Before I get stuck into the new Suzuki GSX-S1000GX, let’s look at its predecessors. I’m a huge fan of the GSX-S1000 nakedbike and the GSX-S1000GT sports-tourer, both incredibly engaging thanks to their potent GSX-R K5 derived 999cc powerplant and their well-sorted chassis that inspires front-end confidence and delivers superb balance through high-speed corners that not many big-bore bikes under $20k can match.

When Suzuki launched the latest iteration of the GSX-S1000 nakedbike in Australia two years ago we were blown away by just how much performance and chassis finesse it managed to fit into such a reasonably priced package. A few months later and Suzuki added the GSX-S1000GT sports-tourer. Again we were astounded by the bang-for-buck equation. We have previously compared both with much more expensive machinery and they have more than held their own.

The roadbike market isn’t as clearly segmented as it once was. There are now several models from various manufacturers that blur the boundaries between what were once obviously sports-tourers and those that were almost road-going adventure bikes. Take AMCN’s 2022 sports-tourer shootout (Vol 72 No 05) as a case in point. Out of the five bikes tested, two were more sports than tourer (the Kawasaki Ninja H2 SX and Suzuki GSX-S1000GT) while the other three (BMW S 1000 XR, Honda NT1100 and Yamaha Tracer 9 GT), were more tourer than sports, thanks to postures resembling adventure bikes…

In that shootout, the GSX-S1000GT came out the winner, partially due to its stonking inline four and its well-balanced chassis, but also thanks to the bike’s excellent value for money equation. To keep the price of the GT below $20k (at the time), Suzuki gave it a more basic spec than its competitors, in particular its manually adjustable KYB suspension package; by contrast, the BMW and Yamaha both had semi-active electronic suspension. Rather than update the GT to match these competitors, Suzuki has instead opted to add a new model to the GSX-S range in the form of the GSX-S1000GX.

Instead of labelling the new GX a sports-tourer like the GT, Suzuki calls it a crossover and, with a more upright riding position and bigger screen, it now more closely resembles the S 1000 XR, NT1100 and Tracer 9 GT.

A more upright riding position on the GX makes for all-day comfort

In the Suzuki line-up, it sits about midway between the GSX-S1000GT and the V-Strom 1050. Suzuki has achieved this without vastly changing the basic GSX-S platform, including engine, gearbox, frame, subframe and 17-inch wheels.

The new GX, however, looks markedly different to the other two models in the GSX-S range, courtesy of all-new bodywork, a larger screen and longer-travel suspension, now with electronic adjustment.
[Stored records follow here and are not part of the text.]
definition periodic_orbit :: "'k::euclidean_space itself \<Rightarrow> ('n::euclidean_space \<Rightarrow> (real^'d) \<times> (real^'d)) \<Rightarrow> 'n set
    \<Rightarrow> nat \<Rightarrow> (nat \<Rightarrow> (real^'d) \<times> (real^'d)) \<Rightarrow> bool" where
  "periodic_orbit K f N n z \<longleftrightarrow> (\<forall>i<n. osb_corr K f N (z i) (z (Suc i mod n)))"

definition nondegenerate_orbit :: "nat \<Rightarrow> (nat \<Rightarrow> 'a) \<Rightarrow> bool" where
  "nondegenerate_orbit n z \<longleftrightarrow> (\<forall>i<n. z ((i + n - 1) mod n) \<noteq> z (Suc i mod n))"

end

theory Submission
  imports Defs
begin

text \<open>Periodic orbits are critical points of the generating function
  F(P) = \<Sum> (-1)^(j-i) \<omega>(P_i, P_j), summed over 0 \<le> i < j < n, on n-tuples of points of M,
  the midpoints of the orbit.
  Since M is compact, F attains its maximum at some P. Let V_i be the \<omega>-gradient of F in the
  i-th slot. For odd n one has V_i + V_(i+1) = P_i - P_(i+1) cyclically, so z_i = P_i + V_i
  satisfies (z_i + z_(i+1))/2 = P_i and z_(i+1) - z_i = -2 V_i, which is \<omega>-orthogonal to the
  tangent space of M at P_i because P is critical.

  This orbit is degenerate exactly when P_(i-1) = P_i for some i. If a maximizer has
  P_k = P_(k+1), replacing this pair by (u, v) and by (v, u) changes F by opposite amounts, so
  both are again maximizers; as M is infinite, u and v can be chosen distinct from each other and
  from the neighbouring points, which removes the repetition. Hence a maximizer with the fewest
  repetitions gives a non-degenerate orbit.\<close>

lemma bilinear_omega: "bilinear omega"
  by (simp add: bilinear_def linear_iff omega_def algebra_simps)

interpretation omega: bounded_bilinear omega
  using bilinear_omega bilinear_conv_bounded_bilinear by blast

lemma omega_antisym: "omega a b = - omega b a"
  by (simp add: omega_def inner_commute)

lemma symp_complement_scaleR: "\<xi> \<in> symp_complement T \<Longrightarrow> c *\<^sub>R \<xi> \<in> symp_complement T"
  by (simp add: symp_complement_def omega.scaleR_left)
The higher-spec Showa suspension means the GX is significantly more expensive than its siblings, but at $25,890 ride away, it still represents great value for money, undercutting its semi-active-suspension equipped rivals – the Yamaha Tracer 9 GT+ is now $27,599 ride-away and the BMW S 1000 XR is $28,670 ride-away.

Like its siblings, the GX is powered by Suzuki’s 999cc inline four out of the GSX-R1000 K5, tuned to make a claimed 112kW (152hp) at 11,000rpm and 106Nm at 9250rpm. There’s no doubt this engine likes to rev – as you’d expect of a powerplant originally designed for a superbike – but it also has plenty of grunt down low, making it flexible and well suited to this crossover role. The engine is mated to the same smooth-shifting six-speed gearbox as used in the other GSX-S models, and a two-way quickshifter is standard fare on the GX.

In the GX, power delivery is managed via a more advanced version of Suzuki’s SDMS system called SDMS-a (Suzuki Drive Mode Selector Alpha), that falls under the SIRS (Suzuki Intelligent Ride System) umbrella. It’s all made possible by the Bosch six-axis IMU. Like ‘basic’ SDMS as found on the other GSX-S models there are A, B and C modes (Active, Basic and Comfort), but SDMS-a also interacts with the GX’s Suzuki Advanced Electronic Suspension (SAES), which incorporates Active Damping Control (ADC) and electronic rear preload adjustment, as well as Roll Torque Control (cornering traction control) and cornering ABS.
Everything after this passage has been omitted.